Wednesday 6 January 2010

Lord Jim: Joseph Conrad

Lord Jim (1900) by Joseph Conrad
Novel – 310 pages – my copy (paperpback; 1993) bought for £1 from the charity bookshop in Derriford Hospital, autumn of 2008
- 5 nods


Joseph Conrad is one of English literature’s most enigmatic characters: a Pole by birth who travelled the seven seas, initially on French boats, he ended on these shores writing fiction in what was his third language. He wrote substantial works; perhaps his most famous is the brooding and mysterious novella, Heart of Darkness (which later served as the basis for Coppola’s film adaptation, Apocolypse Now). Lord Jim, its forerunner by two years, shares many characteristics: the sea, mystery and the presence of a narrator, Marlow.

Lord Jim follows the adventures of a water-clerk named - yes, you guessed it - Jim; a man who was ‘an inch, perhaps two, under six feet, powerfully built, and he advanced straight at you with a slight stoop of the shoulders, headed forward, and a fixed from-under-stare which made you think of a charging bull’ (p.3). Jim finds himself attached to unwanted infamy when he and several others abandon their ship, the Patna, when they believe it to be heading the way of Davy Jones’ locker; leaving the hundred or so souls present on the ship to their watery graves. However, the boat survives, leaving those who bolted to become derided as cowards.
Intrigued by Jim's struggle, Marlow becomes attached to him and his romantic story (befriending others and any who will listen to him), seeing him fly from one job to the next, always trying to stay ahead of his besmeared reputation. Jim is eventually given a chance to hide from the known world on the island of Patusan, where – feeling he has nothing left to lose – he rises to become respected, their Tuan – or Lord in English. The story ends with Jim's final confrontation in his battle for redemption: not only from the wider world, but also from his own conscience. I leave out the details in case any of you Bookwormers take the great choice of reading this classic.

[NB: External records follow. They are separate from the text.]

(* Given two curves $\sigma=(v_1,\dots,v_{m'})$ and $\tau=(w_1,\dots,w_{m''})$ in $\mathbb{R}^d$ and a parameter $k\in\mathbb{N}$, the following algorithm returns exactly $d_{k\text{-}DTW}(\sigma,\tau)$ and runs in $O(m'm''z)$ time, where $z$ is the number of distinct distances $\|v_i-w_j\|$ between pairs of vertices of $\sigma$ and $\tau$. Algorithm: set $D[i,j]=\|v_i-w_j\|$ for all $(i,j)\in[m']\times[m'']$; let $E[1]>\dots>E[z]>E[z+1]=0$ be the $z$ distinct entries of $D$ together with $0$, in decreasing order; set mincost $=\infty$; for each $l\in\{1,\dots,z+1\}$, let $D'[i,j]=\max\{D[i,j]-E[l],0\}$ for all $(i,j)$ and update mincost $\leftarrow\min\{\text{mincost},\ \mathrm{DTW}(D')+k\cdot E[l]\}$; return mincost.
   Context: A traversal of $\sigma$ and $\tau$ is a sequence of index pairs starting with $(1,1)$, ending with $(m',m'')$, where each $(i,j)$ is followed only by $(i+1,j)$, $(i,j+1)$ or $(i+1,j+1)$. For a matrix $D'\in\mathbb{R}^{m'\times m''}$, $\mathrm{DTW}(D')=\min_T\sum_{(i,j)\in T}D'[i,j]$ over all traversals $T$ (computable in $O(m'm'')$ time by dynamic programming). For a traversal $T$ let $s^{(T)}_1\ge s^{(T)}_2\ge\dots$ be the values $\|v_i-w_j\|$, $(i,j)\in T$, sorted non-increasingly, padded with zeros beyond $|T|$; $d_{k\text{-}DTW}(\sigma,\tau)=\min_T\sum_{l=1}^k s^{(T)}_l$. Running time counts each vertex-to-vertex distance computation and each arithmetic operation as unit cost. *)

theory Defs
  imports "HOL-Analysis.Analysis" "HOL-Library.Extended_Real"
begin

text \<open>Index pairs are 1-based: (i,j) with 1 <= i <= m1, 1 <= j <= m2.\<close>

definition trav_step :: "nat \<times> nat \<Rightarrow> nat \<times> nat \<Rightarrow> bool" where
  "trav_step p q \<longleftrightarrow> q = (fst p + 1, snd p) \<or> q = (fst p, snd p + 1) \<or> q = (fst p + 1, snd p + 1)"

definition is_traversal :: "nat \<Rightarrow> nat \<Rightarrow> (nat \<times> nat) list \<Rightarrow> bool" where
  "is_traversal m1 m2 T \<longleftrightarrow> T \<noteq> [] \<and> hd T = (1, 1) \<and> last T = (m1, m2) \<and>
     (\<forall>i. Suc i < length T \<longrightarrow> trav_step (T ! i) (T ! Suc i))"
(* Let $n \ge d \ge 1$ be integers. Let $R^{\mathrm{S}}\in\{0,+1,-1\}^{d\times n}$ be a random matrix produced by the S-SSE construction and $R^{\mathrm{SE}}\in\{0,+1,-1\}^{d\times n}$ a random matrix produced by the SE construction (both described in the context). Fix a row index $t\in[d]$, let $\mathbf{Y}$ be the number of nonzero entries in row $t$ of $R^{\mathrm{S}}$, and let $\mathbf{Z}$ be the number of nonzero entries in row $t$ of $R^{\mathrm{SE}}$. Then $$\mathbb{E}(\mathbf{Y})=\mathbb{E}(\mathbf{Z}),\qquad \operatorname{Var}(\mathbf{Y})\le \operatorname{Var}(\mathbf{Z}).$$
   Context: $[k]=\{1,\dots,k\}$. SE (sparse embedding) construction: choose independently for each column $i\in[n]$ a row label $h(i)$ uniformly at random from $[d]$ (i.e. uniform sampling with replacement), and independent Rademacher signs $\sigma_i\in\{+1,-1\}$ (each with probability $1/2$); set $R^{\mathrm{SE}}_{h(i),i}=\sigma_i$ and all other entries $0$. S-SSE (stable sparse subspace embedding) construction: form the multiset $D$ consisting of $[d]$ repeated $\lceil n/d\rceil$ times; draw $n$ elements from $D$ uniformly at random without replacement, giving a sequence $\mathcal{S}=(\mathcal{S}(1),\dots,\mathcal{S}(n))$; independently choose Rademacher signs $\sigma_i\in\{+1,-1\}$ with probability $1/2$ each; set $R^{\mathrm{S}}_{\mathcal{S}(i),i}=\sigma_i$ for $i\in[n]$ and all other entries $0$. In both constructions each column has exactly one nonzero entry. *)

theory Defs
  imports "HOL-Probability.Probability"
begin

text \<open>Matrices in {0,+1,-1}^(d x n) are modelled as functions
  row index \<Rightarrow> column index \<Rightarrow> int, with rows in {1..d} and columns in {1..n}.\<close>

definition sign_of :: "bool \<Rightarrow> int" where
  "sign_of b = (if b then 1 else -1)"

definition col_matrix :: "nat \<Rightarrow> (nat \<Rightarrow> nat) \<Rightarrow> (nat \<Rightarrow> bool) \<Rightarrow> nat \<Rightarrow> nat \<Rightarrow> int" where
  "col_matrix n h \<sigma> = (\<lambda>r c. if c \<in> {1..n} \<and> h c = r then sign_of (\<sigma> c) else 0)"

definition rademacher_signs :: "nat \<Rightarrow> (nat \<Rightarrow> bool) pmf" where
  "rademacher_signs n = Pi_pmf {1..n} False (\<lambda>_. pmf_of_set (UNIV :: bool set))"

definition SE_pmf :: "nat \<Rightarrow> nat \<Rightarrow> (nat \<Rightarrow> nat \<Rightarrow> int) pmf" where
  "SE_pmf d n =
     map_pmf (\<lambda>(h, \<sigma>). col_matrix n h \<sigma>)
       (pair_pmf (Pi_pmf {1..n} 0 (\<lambda>_. pmf_of_set {1..d})) (rademacher_signs n))"

text \<open>The multiset D: [d] repeated ceil(n/d) times, listed as a list.\<close>
definition D_list :: "nat \<Rightarrow> nat \<Rightarrow> nat list" where
  "D_list d n = concat (replicate (nat \<lceil>real n / real d\<rceil>) [1..<d+1])"

text \<open>Drawing n elements of D uniformly without replacement: an injective
  assignment of distinct positions of D to columns 1..n, chosen uniformly.\<close>
definition S_seq_pmf :: "nat \<Rightarrow> nat \<Rightarrow> (nat \<Rightarrow> nat) pmf" where
  "S_seq_pmf d n =
     map_pmf (\<lambda>f i. D_list d n ! f i)
       (pmf_of_set {f. f \<in> {1..n} \<rightarrow>\<^sub>E {0..<length (D_list d n)} \<and> inj_on f {1..n}})"

definition SSSE_pmf :: "nat \<Rightarrow> nat \<Rightarrow> (nat \<Rightarrow> nat \<Rightarrow> int) pmf" where
  "SSSE_pmf d n =
     map_pmf (\<lambda>(S, \<sigma>). col_matrix n S \<sigma>) (pair_pmf (S_seq_pmf d n) (rademacher_signs n))"

definition row_nnz :: "nat \<Rightarrow> nat \<Rightarrow> (nat \<Rightarrow> nat \<Rightarrow> int) \<Rightarrow> real" where
  "row_nnz n t R = real (card {c \<in> {1..n}. R t c \<noteq> 0})"

end

theory Submission
  imports Defs
begin
section \<open>Markov policies as history policies\<close>

primrec estimate_from_history ::
    "real \<Rightarrow> (nat \<Rightarrow> real) \<Rightarrow> (nat \<Rightarrow> bool) \<Rightarrow> (nat \<Rightarrow> bool) \<Rightarrow> nat \<Rightarrow> real" where
  "estimate_from_history a xs cs uh 0 = 0"
| "estimate_from_history a xs cs uh (Suc s) =
     (if uh (Suc s) \<and> cs (Suc s) then xs (Suc s) else a * estimate_from_history a xs cs uh s)"

lemma estimate_from_history_eq_sim_estimate:
  "(\<And>s'. s' \<le> s \<Longrightarrow> uh s' = act g a xs cs s') \<Longrightarrow> (\<And>s'. s' \<le> s \<Longrightarrow> xs' s' = xs s')
    \<Longrightarrow> (\<And>s'. s' \<le> s \<Longrightarrow> cs' s' = cs s') \<Longrightarrow> estimate_from_history a xs' cs' uh s = sim_estimate g a xs cs s"
  by (induction s) (simp_all add: sim_estimate_Suc_act)

definition error_from_history :: "real \<Rightarrow> nat \<Rightarrow> (nat \<Rightarrow> real) \<Rightarrow> (nat \<Rightarrow> bool) \<Rightarrow> (nat \<Rightarrow> bool) \<Rightarrow> real" where
  "error_from_history a t xs cs uh = (if t = 0 then 0 else xs t - a * estimate_from_history a xs cs uh (t - 1))"
lemma sorted_list_of_set_interlace:
  fixes A B :: "'a::linorder set"
  assumes "finite A" and "finite B" and card: "card B + 1 = card A"
    and gap: "\<And>i. Suc i < card A \<Longrightarrow>
                \<exists>b\<in>B. sorted_list_of_set A ! i < b \<and> b < sorted_list_of_set A ! Suc i"
  shows "\<forall>i < card B. sorted_list_of_set A ! i < sorted_list_of_set B ! i
                      \<and> sorted_list_of_set B ! i < sorted_list_of_set A ! Suc i"
proof -
  let ?ys = "sorted_list_of_set A"
  define \<phi> where "\<phi> i = (SOME b. b \<in> B \<and> ?ys ! i < b \<and> b < ?ys ! Suc i)" for i
  have \<phi>: "\<phi> i \<in> B \<and> ?ys ! i < \<phi> i \<and> \<phi> i < ?ys ! Suc i" if "i < card B" for i
  proof -
    have "Suc i < card A"
      using that card by simp
    then have "\<exists>b. b \<in> B \<and> ?ys ! i < b \<and> b < ?ys ! Suc i"
      using gap by blast
    then show ?thesis
      unfolding \<phi>_def by (rule someI_ex)
  qed
  define xs where "xs = map \<phi> [0..<card B]"
  have "sorted_wrt (<) xs"
    unfolding sorted_wrt_iff_nth_less
  proof (intro allI impI)
    fix i j assume "i < j" "j < length xs"
    then have "?ys ! Suc i \<le> ?ys ! j"
      using card sorted_list_of_set_nth_less[of "Suc i" j A] by (cases "Suc i = j") (auto simp: xs_def)
    then show "xs ! i < xs ! j"
      using \<phi>[of i] \<phi>[of j] \<open>i < j\<close> \<open>j < length xs\<close> by (auto simp: xs_def)
  qed
  moreover have "set xs = B"
  proof (rule card_subset_eq[OF \<open>finite B\<close>])
    show "set xs \<subseteq> B"
      using \<phi> by (auto simp: xs_def)
    show "card (set xs) = card B"
      using distinct_card \<open>sorted_wrt (<) xs\<close> by (fastforce simp: strict_sorted_iff xs_def)
  qed
  ultimately have "sorted_list_of_set B = xs"
    using \<open>finite B\<close> by (intro strict_sorted_equal) simp_all
  then show ?thesis
    using \<phi> by (simp add: xs_def)
qed
definition coupling_sum ::
  "nat \<Rightarrow> (nat \<Rightarrow> nat \<Rightarrow> bool) \<Rightarrow> (nat \<Rightarrow> nat \<Rightarrow> bool) \<Rightarrow> (real \<Rightarrow> real) \<Rightarrow> (real \<Rightarrow> real)
     \<Rightarrow> (nat \<Rightarrow> nat \<Rightarrow> real) \<Rightarrow> (nat \<Rightarrow> nat \<Rightarrow> real) \<Rightarrow> (nat \<Rightarrow> nat \<Rightarrow> real) \<Rightarrow> nat \<Rightarrow> real" where
  "coupling_sum N Ea Er fs gs \<Delta> \<alpha> \<beta> i =
     (\<Sum>j\<in>nbr N Ea i. \<alpha> i j * fs (\<Delta> i j)) + (\<Sum>j\<in>nbr N Er i. \<beta> i j * gs (\<Delta> i j))"

definition positive_solution ::
  "nat \<Rightarrow> (nat \<Rightarrow> nat \<Rightarrow> bool) \<Rightarrow> (nat \<Rightarrow> nat \<Rightarrow> bool) \<Rightarrow> (real \<Rightarrow> real) \<Rightarrow> (real \<Rightarrow> real)
     \<Rightarrow> (nat \<Rightarrow> nat \<Rightarrow> real) \<Rightarrow> (nat \<Rightarrow> real) \<Rightarrow> real
     \<Rightarrow> (nat \<Rightarrow> nat \<Rightarrow> real) \<Rightarrow> (nat \<Rightarrow> nat \<Rightarrow> real) \<Rightarrow> bool" where
  "positive_solution N Ea Er fs gs \<Delta> \<omega> \<omega>b \<alpha> \<beta> \<longleftrightarrow>
     (\<forall>i\<in>{1..N}. \<forall>j\<in>nbr N Ea i. \<alpha> i j > 0) \<and>
     (\<forall>i\<in>{1..N}. \<forall>j\<in>nbr N Er i. \<beta> i j > 0) \<and>
     (\<forall>i\<in>{1..N}. \<omega>b - \<omega> i = coupling_sum N Ea Er fs gs \<Delta> \<alpha> \<beta> i)"

definition energy ::
  "nat \<Rightarrow> (nat \<Rightarrow> nat \<Rightarrow> bool) \<Rightarrow> (nat \<Rightarrow> nat \<Rightarrow> bool)
     \<Rightarrow> (nat \<Rightarrow> nat \<Rightarrow> real) \<Rightarrow> (nat \<Rightarrow> nat \<Rightarrow> real) \<Rightarrow> real" where
  "energy N Ea Er \<alpha> \<beta> =
     (\<Sum>i\<in>{1..N}. (\<Sum>j\<in>nbr N Ea i. (\<alpha> i j)\<^sup>2) + (\<Sum>j\<in>nbr N Er i. (\<beta> i j)\<^sup>2))"


definition S_sum ::
  "nat \<Rightarrow> (nat \<Rightarrow> nat \<Rightarrow> bool) \<Rightarrow> (nat \<Rightarrow> nat \<Rightarrow> bool) \<Rightarrow> (real \<Rightarrow> real) \<Rightarrow> (real \<Rightarrow> real)
     \<Rightarrow> (nat \<Rightarrow> nat \<Rightarrow> real) \<Rightarrow> (nat \<Rightarrow> real) \<Rightarrow> real \<Rightarrow> nat \<Rightarrow> real" where
  "S_sum N Ea Er fs gs \<Delta> \<omega> \<omega>b i =
     (\<Sum>j\<in>plus_nbr N Ea fs \<Delta> \<omega> \<omega>b i. (fs (\<Delta> i j))\<^sup>2)
   + (\<Sum>j\<in>plus_nbr N Er gs \<Delta> \<omega> \<omega>b i. (gs (\<Delta> i j))\<^sup>2)"

definition E0 ::
  "nat \<Rightarrow> (nat \<Rightarrow> nat \<Rightarrow> bool) \<Rightarrow> (nat \<Rightarrow> nat \<Rightarrow> bool) \<Rightarrow> (real \<Rightarrow> real) \<Rightarrow> (real \<Rightarrow> real)
     \<Rightarrow> (nat \<Rightarrow> nat \<Rightarrow> real) \<Rightarrow> (nat \<Rightarrow> real) \<Rightarrow> real \<Rightarrow> real" where
  "E0 N Ea Er fs gs \<Delta> \<omega> \<omega>b =
     (\<Sum>i\<in>{1..N}. (\<omega>b - \<omega> i)\<^sup>2 / S_sum N Ea Er fs gs \<Delta> \<omega> \<omega>b i)"

text \<open>For the attractive part call with (R,h) = (Ea,fs), for
  the repulsive part with (R,h) = (Er,gs). Value epsilon on the minus-set,
  the explicit formula otherwise (only entries j in N_i^R matter).\<close>
definition eps_coeff ::
  "nat \<Rightarrow> (nat \<Rightarrow> nat \<Rightarrow> bool) \<Rightarrow> (nat \<Rightarrow> nat \<Rightarrow> bool) \<Rightarrow> (real \<Rightarrow> real) \<Rightarrow> (real \<Rightarrow> real)
     \<Rightarrow> (nat \<Rightarrow> nat \<Rightarrow> real) \<Rightarrow> (nat \<Rightarrow> real) \<Rightarrow> real
     \<Rightarrow> (nat \<Rightarrow> nat \<Rightarrow> bool) \<Rightarrow> (real \<Rightarrow> real) \<Rightarrow> real \<Rightarrow> nat \<Rightarrow> nat \<Rightarrow> real" where
  "eps_coeff N Ea Er fs gs \<Delta> \<omega> \<omega>b R h \<epsilon> i j =
     (if j \<in> minus_nbr N R h \<Delta> \<omega> \<omega>b i then \<epsilon>
      else \<bar>\<omega>b - \<omega> i\<bar> * \<bar>h (\<Delta> i j)\<bar> / S_sum N Ea Er fs gs \<Delta> \<omega> \<omega>b i)"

And classic is it. Throughout all Conrad’s prose is a delight to behold. This is one of the top masters of English fiction at work. Moreover, Conrad's inventive narrative devices clad this tale in a greater enigma. The story is told in numerous viewpoints, from third-person to that of Marlow, all of which give us multiple glimspes of Jim. The ending question for the reader is: do we ever really know him, or does it instead remain an unsolvable mystery?

Lord Jim is a heavyweight of literature; a showcase of one of the great novelists on top form; a hands down 5 nodder.